Sigmoid and Its Gradient
Interview Prep
The problem
Implement the sigmoid function σ(x) = 1 / (1 + e^(−x))
in a numerically stable way, then derive and implement its
gradient. The interviewer will ask you to explain why backprop
through sigmoid is essentially free given the forward output.
The trap: naive sigmoid overflows
import numpy as np
def sigmoid_naive(x):
return 1.0 / (1.0 + np.exp(-x)) # overflows for x << 0: exp(-x) is huge
For large negative x, e^(−x) overflows to
infinity (or hits the IEEE 754 limit and the operation becomes
catastrophic). For large positive x, the formula is
fine. So we need a branched implementation: positive arguments use
1 / (1 + e^(−x)); negative arguments use the
algebraically equivalent e^x / (1 + e^x). Both branches
only ever exponentiate non-positive numbers, which is safe.
>>> sigmoid_naive(np.array([1000.0]))
RuntimeWarning: overflow encountered in exp
np.array([0.]) # underflowed to 0 — wrong! true value -> 1
>>> sigmoid_naive(np.array([-1000.0]))
RuntimeWarning: overflow encountered in exp
np.array([0.]) # numerically OK, but the other side is broken
>>> sigmoid(np.array([1000.0, -1000.0]))
array([1.0, 0.0]) # safe Stable implementation
def sigmoid(x):
"""Numerically stable sigmoid for any sign of x."""

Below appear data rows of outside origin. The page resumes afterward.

lemma unitary_split_left_absorb:
  assumes EF: "unitary_split E F" and E: "E \<in> carrier_mat n k" and F: "F \<in> carrier_mat n l"
    and X: "X \<in> carrier_mat n m" and EX: "mat_adjoint E * X = 0\<^sub>m k m"
  shows "F * (mat_adjoint F * X) = X"
proof -
  have dims: "dim_row E = n" "dim_col E = k" "dim_row F = n" "dim_col F = l" "dim_row X = n" "dim_col X = m"
    using E F X by auto
  have "X = (E * mat_adjoint E + F * mat_adjoint F) * X"
    using dims by (simp add: unitary_splitD(5)[OF EF E F])
  also have "\<dots> = E * (mat_adjoint E * X) + F * (mat_adjoint F * X)"
    using dims by (simp add: add_mult_distrib_mat_dim assoc_mult_mat_dim)
  also have "\<dots> = F * (mat_adjoint F * X)" unfolding EX using dims by (intro eq_matI) auto
  finally show ?thesis by (rule sym)
qed

lemma deflation_props:
  fixes S W E F G :: "complex mat"
  assumes S: "S \<in> carrier_mat n n" and W: "W \<in> carrier_mat n n" "W * S = 1\<^sub>m n"
    and E: "E \<in> carrier_mat n k" and F: "F \<in> carrier_mat n l" and EF: "mat_adjoint E * F = 0\<^sub>m k l"
    and G: "G \<in> carrier_mat k k" "mat_adjoint E * W * E * G = 1\<^sub>m k" "G * (mat_adjoint E * W * E) = 1\<^sub>m k"
  defines "X \<equiv> W - W * E * G * mat_adjoint E * W"
  shows "X * E = 0\<^sub>m n k" "mat_adjoint E * X = 0\<^sub>m k n" "X * S * F = F"
proof -
  have dims: "dim_row S = n" "dim_col S = n" "dim_row W = n" "dim_col W = n" "dim_row E = n"
    "dim_col E = k" "dim_row F = n" "dim_col F = l" "dim_row G = k" "dim_col G = k"
    using S W E F G by auto
  have "X * E = W * E - W * E * (G * (mat_adjoint E * W * E))"
    unfolding X_def using dims by (simp add: mat_dim_simps)
  then show "X * E = 0\<^sub>m n k" using dims by (intro eq_matI) (auto simp: G(3))
  have "mat_adjoint E * X = mat_adjoint E * W - (mat_adjoint E * W * E * G) * (mat_adjoint E * W)"
    unfolding X_def using dims by (simp add: mat_dim_simps)
  then show "mat_adjoint E * X = 0\<^sub>m k n" using dims by (intro eq_matI) (auto simp: G(2))
  have "X * S * F = (W * S) * F - W * E * G * (mat_adjoint E * (W * S) * F)"
    unfolding X_def using dims by (simp add: mat_dim_simps)
  then show "X * S * F = F" using dims by (intro eq_matI) (auto simp: W(2) EF)
qed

out = np.empty_like(x, dtype=float)
pos = x >= 0
out[ pos] = 1.0 / (1.0 + np.exp(-x[pos]))
ex = np.exp(x[~pos])
out[~pos] = ex / (1.0 + ex)
return out Pattern: derivative expressible in terms of output
The famous identity is σ'(x) = σ(x) · (1 − σ(x)).

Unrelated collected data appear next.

(* The space of increasing normalized submodular setfunctions on Borel spaces, endowed with the pseudometric $d(\varphi_1,\varphi_2)=\sum_{k=1}^\infty 2^{-k}d_H^{(k)}(Q_k(\varphi_1),Q_k(\varphi_2))$, is compact.
   Context: A setfunction on a set-algebra $(J,\mathcal{B})$ is a map $\varphi\colon\mathcal{B}\to\mathbb{R}$ with $\varphi(\emptyset)=0$; on a Borel space, $\mathcal{B}$ is the Borel sigma-algebra. It is increasing if $X\subseteq Y$ implies $\varphi(X)\le\varphi(Y)$, submodular if $\varphi(X)+\varphi(Y)\ge\varphi(X\cap Y)+\varphi(X\cup Y)$, and normalized means taking values in $[0,1]$. For $k\in\mathbb{N}$ and a map $F\colon J\to[k]$ with $F^{-1}(i)\in\mathcal{B}$, the quotient $\varphi\circ F^{-1}$ is $A\mapsto\varphi(F^{-1}(A))$ on $2^{[k]}$; $Q_k(\varphi)\subseteq\mathbb{R}^{2^k}$ is the set of all such quotients. $d_H^{(k)}$ is the Hausdorff distance on subsets of Euclidean $\mathbb{R}^{2^k}$. *)

theory Defs
  imports "HOL-Analysis.Analysis"
begin

definition standard_borel :: "'a measure \<Rightarrow> bool" where
  "standard_borel M \<longleftrightarrow>
     (\<exists>X. completely_metrizable_space X \<and> separable_space X \<and>
          topspace X = space M \<and> sets M = sigma_sets (topspace X) (Collect (openin X)))"

definition inc_norm_submod :: "'a measure \<Rightarrow> ('a set \<Rightarrow> real) \<Rightarrow> bool" where
  "inc_norm_submod M \<phi> \<longleftrightarrow>
     \<phi> {} = 0 \<and>
     (\<forall>X\<in>sets M. 0 \<le> \<phi> X \<and> \<phi> X \<le> 1) \<and>
     (\<forall>X\<in>sets M. \<forall>Y\<in>sets M. X \<subseteq> Y \<longrightarrow> \<phi> X \<le> \<phi> Y) \<and>
     (\<forall>X\<in>sets M. \<forall>Y\<in>sets M. \<phi> X + \<phi> Y \<ge> \<phi> (X \<inter> Y) + \<phi> (X \<union> Y))"

text \<open>Points of R^(2^k) are represented as functions on the subsets of [k] = {1..k}
  (values outside Pow {1..k} are irrelevant; quotients are set to 0 there).\<close>
definition quotient_sf :: "nat \<Rightarrow> 'a measure \<Rightarrow> ('a set \<Rightarrow> real) \<Rightarrow> ('a \<Rightarrow> nat) \<Rightarrow> (nat set \<Rightarrow> real)" where
  "quotient_sf k M \<phi> F = (\<lambda>A. if A \<subseteq> {1..k} then \<phi> (F -` A \<inter> space M) else 0)"

definition Qk :: "nat \<Rightarrow> 'a measure \<Rightarrow> ('a set \<Rightarrow> real) \<Rightarrow> (nat set \<Rightarrow> real) set" where
  "Qk k M \<phi> = {quotient_sf k M \<phi> F | F.
       F \<in> space M \<rightarrow> {1..k} \<and> (\<forall>i\<in>{1..k}. F -` {i} \<inter> space M \<in> sets M)}"

definition dist_k :: "nat \<Rightarrow> (nat set \<Rightarrow> real) \<Rightarrow> (nat set \<Rightarrow> real) \<Rightarrow> real" where
  "dist_k k f g = sqrt (\<Sum>A\<in>Pow {1..k}. (f A - g A)\<^sup>2)"

definition hausdist_k :: "nat \<Rightarrow> (nat set \<Rightarrow> real) set \<Rightarrow> (nat set \<Rightarrow> real) set \<Rightarrow> real" where
  "hausdist_k k S T = max (SUP x\<in>S. INF y\<in>T. dist_k k x y) (SUP y\<in>T. INF x\<in>S. dist_k k x y)"

definition sf_dist :: "'a measure \<Rightarrow> ('a set \<Rightarrow> real) \<Rightarrow> 'b measure \<Rightarrow> ('b set \<Rightarrow> real) \<Rightarrow> real" where
  "sf_dist M1 \<phi>1 M2 \<phi>2 =
     (\<Sum>k. (1/2) ^ (Suc k) * hausdist_k (Suc k) (Qk (Suc k) M1 \<phi>1) (Qk (Suc k) M2 \<phi>2))"

end

theory Submission
  imports Defs
begin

This is the property that makes sigmoid (and its sibling tanh) so
attractive for backprop: during the forward pass you compute and
store s = σ(x); the backward pass reuses
s · (1 − s) with no extra exponentials.
Derivation
Let s = sigmoid(x) = 1 / (1 + e^{-x})
d/dx s = d/dx (1 + e^{-x})^{-1}
= -(1 + e^{-x})^{-2} * (-e^{-x})
= e^{-x} / (1 + e^{-x})^2
Now factor:
e^{-x} / (1 + e^{-x})^2
= [1 / (1 + e^{-x})] * [e^{-x} / (1 + e^{-x})]
= s * (1 - s) (since 1 - s = e^{-x} / (1 + e^{-x}))

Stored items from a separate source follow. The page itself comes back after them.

lemma card_window_minus_avoiding:
  fixes A :: "nat set"
  shows "card ({a..<a+k} - {n. \<forall>i\<le>M. n + i \<notin> A}) \<le> (\<Sum>i\<le>M. card (A \<inter> {a+i..<a+i+k}))"
proof -
  have "card ({a..<a+k} - {n. \<forall>i\<le>M. n + i \<notin> A}) \<le> card (\<Union>i\<le>M. {n. n + i \<in> A} \<inter> {a..<a+k})"
    by (intro card_mono) auto
  also have "\<dots> \<le> (\<Sum>i\<le>M. card ({n. n + i \<in> A} \<inter> {a..<a+k}))"
    by (rule card_UN_le) simp
  also have "\<dots> \<le> (\<Sum>i\<le>M. card (A \<inter> {a+i..<a+i+k}))"
    by (intro sum_mono card_window_preimage_add)
  finally show ?thesis .
qed

lemma banach_density_one_avoiding:
  assumes "banach_density_zero A"
  shows "banach_density_one {n. \<forall>i\<le>M. n + i \<notin> A}"
  unfolding banach_density_one_def
proof (intro allI impI)
  fix l :: real assume "l < 1"
  define Good where "Good = {n. \<forall>i\<le>M. n + i \<notin> A}"
  define G :: nat where "G = nat \<lceil>2 * (real M + 1) / (1 - l)\<rceil> + 1"
  have "G > 0" unfolding G_def by simp
  have "2 * (real M + 1) / (1 - l) \<le> real G" unfolding G_def by linarith
  then have G_large: "2 * (real M + 1) \<le> real G * (1 - l)" using \<open>l < 1\<close> by (simp add: field_simps)
  obtain B where B: "\<And>a L. G * card (A \<inter> {a..<a+L}) \<le> B + L"
    using assms \<open>G > 0\<close> unfolding banach_density_zero_def by blast
  have "l * real (card {a..<a + k}) \<le> real (card (Good \<inter> {a..<a + k}))" if "k \<ge> B + 1" for a k
  proof -
    let ?W = "{a..<a+k}"
    have "G * card (?W - Good) \<le> G * (\<Sum>i\<le>M. card (A \<inter> {a+i..<a+i+k}))"
      unfolding Good_def by (intro mult_le_mono2 card_window_minus_avoiding)
    also have "\<dots> = (\<Sum>i\<le>M. G * card (A \<inter> {a+i..<a+i+k}))"
      by (rule sum_distrib_left)
    also have "\<dots> \<le> (\<Sum>i\<le>M. B + k)"
      by (intro sum_mono B)
    also have "\<dots> = (M + 1) * (B + k)" by simp
    also have "\<dots> \<le> (M + 1) * (2 * k)" using that by (intro mult_le_mono2) linarith
    finally have "real (G * card (?W - Good)) \<le> real ((M + 1) * (2 * k))"
      by (rule of_nat_mono)
    then have "real G * card (?W - Good) \<le> (real M + 1) * (2 * k)" by (simp add: algebra_simps)
    also have "\<dots> \<le> real G * ((1 - l) * k)"
      using mult_right_mono[OF G_large, of k] by (simp add: algebra_simps)
    finally have "card (?W - Good) \<le> (1 - l) * k" using \<open>G > 0\<close> by simp
    moreover have "card ?W = card (?W \<inter> Good) + card (?W - Good)"
      by (rule card_Int_Diff) simp
    ultimately show ?thesis by (simp add: algebra_simps Int_commute)
  qed
  then show "\<exists>N\<ge>1. \<forall>a k. k \<ge> N \<longrightarrow>
      real (card ({n. \<forall>i\<le>M. n + i \<notin> A} \<inter> {a..<a + k})) \<ge> l * real (card {a..<a + k})"
    unfolding Good_def by (intro exI[of _ "B + 1"]) auto
qed

lemma banach_proximal_if_density_zero:
  assumes "x \<in> full_shift" "y \<in> full_shift"
    and "banach_density_zero {n. x n = 1}" "banach_density_zero {n. y n = 1}"
  shows "banach_proximal shift x y"
  unfolding banach_proximal_def
proof (intro allI impI)
  fix e :: real assume "e > 0"
  then obtain M where M: "\<And>x y :: nat \<Rightarrow> real. (\<forall>i\<le>M. x i = y i) \<Longrightarrow> dist x y < e"
    using dist_fun_less_if_agree_initial by blast
  define A where "A = {n. x n = 1} \<union> {n. y n = 1}"
  have "{n. \<forall>i\<le>M. n + i \<notin> A} \<subseteq> {n. dist ((shift ^^ n) x) ((shift ^^ n) y) < e}"
  proof
    fix n assume n: "n \<in> {n. \<forall>i\<le>M. n + i \<notin> A}"
    have "x (i + n) = y (i + n)" if "i \<le> M" for i
    proof -
      have "x (i + n) \<noteq> 1" "y (i + n) \<noteq> 1" using n that unfolding A_def by (auto simp: add.commute)
      moreover have "x (i + n) \<in> {0, 1}" "y (i + n) \<in> {0, 1}"
        using assms(1,2) unfolding full_shift_def by auto
      ultimately show ?thesis by auto
    qed
    then show "n \<in> {n. dist ((shift ^^ n) x) ((shift ^^ n) y) < e}"
      using M by (simp add: funpow_shift)
  qed
  moreover have "banach_density_zero A"
    unfolding A_def using assms(3,4) by (rule banach_density_zero_Un)
  ultimately show "banach_density_one {n. dist ((shift ^^ n) x) ((shift ^^ n) y) < e}"
    using banach_density_one_avoiding banach_density_one_mono by blast
qed

lemma not_asymptotic_if_frequently_differ:
  assumes "x \<in> full_shift" "y \<in> full_shift" and differ: "\<And>N. \<exists>n\<ge>N. x n \<noteq> y n"
  shows "\<not> asymptotic shift x y"
proof
  assume "asymptotic shift x y"
  then obtain N where N: "\<And>n. n \<ge> N \<Longrightarrow> dist ((shift ^^ n) x) ((shift ^^ n) y) < (1/2)^(to_nat (0::nat))"
    unfolding asymptotic_def using LIMSEQ_D[of _ 0 "(1/2)^(to_nat (0::nat))"] by fastforce
  obtain n where "n \<ge> N" "x n \<noteq> y n" using differ by blast
  have "(shift ^^ n) x \<in> full_shift" "(shift ^^ n) y \<in> full_shift"
    using assms(1,2) unfolding funpow_shift full_shift_def by auto
  with N[OF \<open>n \<ge> N\<close>] have "(shift ^^ n) x 0 = (shift ^^ n) y 0"
    by (rule full_shift_coordinate_eq_if_dist_less[rotated 2])
  with \<open>x n \<noteq> y n\<close> show False by (simp add: funpow_shift)
qed

section \<open>Blocks and return times\<close>

lemma sequence_strong_choice:
  assumes step: "\<And>s h. length h = s \<Longrightarrow> (\<And>t. t < s \<Longrightarrow> Q t (take t h) (h ! t)) \<Longrightarrow> \<exists>q. Q s h q"
  obtains f :: "nat \<Rightarrow> 'a" where "\<And>s. Q s (map f [0..<s]) (f s)"
proof -
  define H where "H = rec_nat [] (\<lambda>s h. h @ [SOME q. Q s h q])"
  have H_simps: "H 0 = []" "H (Suc s) = H s @ [SOME q. Q s (H s) q]" for s
    unfolding H_def by simp_all
  define f where "f s = (SOME q. Q s (H s) q)" for s
  have H_eq: "H s = map f [0..<s]" for s
    by (induction s) (simp_all add: H_simps f_def)
  have "Q s (H s) (f s)" for s
  proof (induction s rule: less_induct)
    case (less s)
    have "\<exists>q. Q s (H s) q"
    proof (rule step)
      show "length (H s) = s" by (simp add: H_eq)
      show "Q t (take t (H s)) (H s ! t)" if "t < s" for t
        using less[OF that] that by (simp add: H_eq take_map)
    qed
    then show ?case unfolding f_def by (rule someI_ex)
  qed
  then have "Q s (map f [0..<s]) (f s)" for s by (simp add: H_eq)
  with that show ?thesis by blast
qed

definition block :: "nat set \<Rightarrow> nat \<Rightarrow> nat set" where
  "block P k = (case from_nat k :: nat list \<times> nat of (L, m) \<Rightarrow>
     if spacing_set P (set L) \<and> set L \<subseteq> {..<m} then set L else {})"

definition block_bound :: "nat \<Rightarrow> nat" where
  "block_bound k = snd (from_nat k :: nat list \<times> nat)"

lemma spacing_set_block: "spacing_set P (block P k)"
  unfolding block_def by (auto split: prod.split simp: spacing_set_def)

lemma block_less_bound: "f \<in> block P k \<Longrightarrow> f < block_bound k"
  unfolding block_def block_bound_def by (auto split: prod.splits if_splits)

lemma finite_block: "finite (block P k)"
  unfolding block_def by (auto split: prod.split)

lemma block_surj:
  assumes "spacing_set P A" "A \<subseteq> {..<m}"
  obtains k where "block P k = A" "block_bound k = m"
proof
  let ?k = "to_nat (sorted_list_of_set A, m)"
  have "finite A" using assms(2) finite_subset by blast
  then show "block P ?k = A" "block_bound ?k = m"
    using assms unfolding block_def block_bound_def by simp_all
qed

definition slot_block :: "nat \<Rightarrow> nat" where
  "slot_block s = fst (prod_decode s)"

definition slot_index :: "nat \<Rightarrow> nat" where
  "slot_index s = snd (prod_decode s)"

lemma slot_block_encode [simp]: "slot_block (prod_encode (k, i)) = k"
  and slot_index_encode [simp]: "slot_index (prod_encode (k, i)) = i"
  by (simp_all add: slot_block_def slot_index_def)

lemma slot_index_le: "slot_index s \<le> s"
  unfolding slot_index_def by (metis le_prod_encode_2 prod_decode_inverse prod.collapse)

lemma spacing_set_block_Un:
  fixes g :: "nat \<Rightarrow> nat"
  assumes above: "\<And>t. t \<in> T \<Longrightarrow> block_bound k < g t"
    and to_block: "\<And>t f. t \<in> T \<Longrightarrow> f \<in> block P k \<Longrightarrow> g t - f \<in> P"
    and increasing: "\<And>t t'. t \<in> T \<Longrightarrow> t' \<in> T \<Longrightarrow> t' < t \<Longrightarrow> g t' < g t \<and> g t - g t' \<in> P"
  shows "spacing_set P (block P k \<union> g ` T)"
  unfolding spacing_set_def
proof (intro ballI impI)
  fix i j assume i: "i \<in> block P k \<union> g ` T" and j: "j \<in> block P k \<union> g ` T" and "i < j"
  show "j - i \<in> P"
  proof (cases "j \<in> block P k")
    case True
    with spacing_set_block[of P k] \<open>i < j\<close> show ?thesis
      using i block_less_bound[OF True] above unfolding spacing_set_def
      by (auto dest: order.strict_trans)
  next
    case False
    then obtain t where t: "t \<in> T" "j = g t" using j by auto
    show ?thesis
    proof (cases "i \<in> block P k")
      case True then show ?thesis using to_block t by simp
    next
      case False
      then obtain t' where t': "t' \<in> T" "i = g t'" using i by auto
      have "t' < t"
      proof (rule ccontr)
        assume "\<not> t' < t"
        with t t' \<open>i < j\<close> have "t < t'" by (cases "t = t'") auto
        with increasing[OF t'(1) t(1)] t t' \<open>i < j\<close> show False by simp
      qed
      then show ?thesis using increasing t t' by blast
    qed
  qed
qed

text \<open>Position \<open>r s\<close> is a slot reserved for block \<open>slot_block s\<close>.\<close>

locale return_times =
  fixes P :: "nat set" and r :: "nat \<Rightarrow> nat"
  assumes gap: "t < s \<Longrightarrow> r t + s < r s"
    and above_block: "block_bound (slot_block s) < r s"
    and spacing_to_block: "f \<in> block P (slot_block s) \<Longrightarrow> r s - f \<in> P"
    and spacing_to_slot: "t < s \<Longrightarrow> slot_block t = slot_block s \<Longrightarrow> r s - r t \<in> P"

lemma return_times_exist:
  assumes "top_transitive (spacing_shift P) shift"
  obtains r where "return_times P r"
proof -
  define Q where "Q s h q \<longleftrightarrow> (\<forall>t<s. h ! t + s < q) \<and> block_bound (slot_block s) < q
      \<and> (\<forall>f\<in>block P (slot_block s). q - f \<in> P)
      \<and> (\<forall>t<s. slot_block t = slot_block s \<longrightarrow> q - h ! t \<in> P)" for s h q
  have "\<exists>q. Q s h q" if "length h = s" and prefix: "\<And>t. t < s \<Longrightarrow> Q t (take t h) (h ! t)" for s h
  proof -
    define k where "k = slot_block s"
    define T where "T = {t. t < s \<and> slot_block t = k}"
    have "spacing_set P (block P k \<union> (!) h ` T)"
    proof (rule spacing_set_block_Un)
      show "block_bound k < h ! t" if "t \<in> T" for t
        using prefix[of t] that unfolding Q_def T_def by auto
      show "h ! t - f \<in> P" if "t \<in> T" "f \<in> block P k" for t f
        using prefix[of t] that unfolding Q_def T_def by auto
      show "h ! t' < h ! t \<and> h ! t - h ! t' \<in> P" if "t \<in> T" "t' \<in> T" "t' < t" for t t'
        using prefix[of t] that unfolding Q_def T_def by auto
    qed
    moreover have "finite (block P k \<union> (!) h ` T)"
      unfolding T_def by (simp add: finite_block)
    ultimately obtain q where q: "q \<ge> sum_list h + s + block_bound k + 1"
      and spacing: "\<And>f. f \<in> block P k \<union> (!) h ` T \<Longrightarrow> f < q \<and> q - f \<in> P"
      using spacing_set_extend[OF assms] by metis
    have "h ! t \<le> sum_list h" if "t < s" for t
      using that \<open>length h = s\<close> by (simp add: elem_le_sum_list)
    with q spacing show ?thesis
      unfolding Q_def k_def[symmetric] T_def by (intro exI[of _ q]) force
  qed
  then obtain r where r: "\<And>s. Q s (map r [0..<s]) (r s)"
    using sequence_strong_choice[of Q] by metis
  have "return_times P r"
    by unfold_locales (use r in \<open>auto simp: Q_def\<close>)
  with that show ?thesis .
qed

section \<open>Coded patterns\<close>

text \<open>Even indices carry \<open>1\<close>, marking the block; the odd index \<open>2 * prod_encode (t, u) + 1\<close>
  carries bit \<open>t\<close> of \<open>b\<close>, so every bit of \<open>b\<close> is written infinitely often.\<close>

definition coded_bit :: "(nat \<Rightarrow> real) \<Rightarrow> nat \<Rightarrow> real" where
  "coded_bit b i = (if even i then 1 else b (fst (prod_decode (i div 2))))"

lemma coded_bit_even: "coded_bit b (2 * u) = 1"
  and coded_bit_odd: "coded_bit b (Suc (2 * prod_encode (t, u))) = b t"
  by (simp_all add: coded_bit_def)

lemma coded_bit_cong:
  assumes "\<And>t. t \<le> i \<Longrightarrow> b t = b' t"
  shows "coded_bit b i = coded_bit b' i"
proof -
  have "fst (prod_decode (i div 2)) \<le> i"
    by (metis le_prod_encode_1 prod_decode_inverse prod.collapse div_le_dividend order.trans)
  then show ?thesis using assms unfolding coded_bit_def by simp
qed

context return_times
begin

lemma return_less_iff: "r t < r s \<longleftrightarrow> t < s"
  using gap by (metis add_lessD1 linorder_neqE_nat order.asym)

lemma inj_return: "inj r"
  by (rule injI) (metis return_less_iff linorder_neqE_nat order.irrefl)

lemma less_return: "s < r s"
proof (cases s)
  case 0 then show ?thesis using above_block[of 0] by simp
next
  case (Suc t) then show ?thesis using gap[of 0 s] by simp
qed

lemma block_less_return: "f \<in> block P (slot_block s) \<Longrightarrow> f < r s"
  using above_block block_less_bound order.strict_trans by blast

=> ds/dx = s * (1 - s). Maximum at x=0 (s=0.5) giving 0.25. Gradient implementation
def sigmoid_grad(x):
"""d/dx sigmoid(x) = sigmoid(x) * (1 - sigmoid(x))."""
s = sigmoid(x)
return s * (1.0 - s) Why it's a poor activation in deep networks
The maximum value of σ' is 0.25, attained
at x = 0. Far from zero the derivative is essentially
zero — the "saturating" regime. Stack a few sigmoid layers and
every backward pass multiplies several factors of ≤ 0.25 together,
which is the original cause of the vanishing gradient
problem. This is why ReLU dominates modern hidden layers
and sigmoid is now mostly relegated to the output of binary
classifiers.
Complexity
- Time:
O(n)for n inputs. - Space:
O(n)output. Backward reuses the forward output, so no extra storage.
Variations worth knowing
- tanh:
tanh(x) = 2σ(2x) − 1. Derivative1 − tanh²(x). Zero-centered output is a mild advantage over sigmoid; both saturate. - ReLU and friends:
max(0, x). Derivative is 0 or 1. Doesn't saturate on the positive side; gave us deep networks. Leaky ReLU / GELU / SiLU are smoother variants. - Softplus:
log(1 + e^x). Smooth ReLU. Its derivative is exactly the sigmoid — a nice algebraic dual. - Log-sigmoid (logistic loss kernel):
log σ(x) = −softplus(−x). Used in numerically stable binary cross-entropy: never form σ explicitly when you only need its log.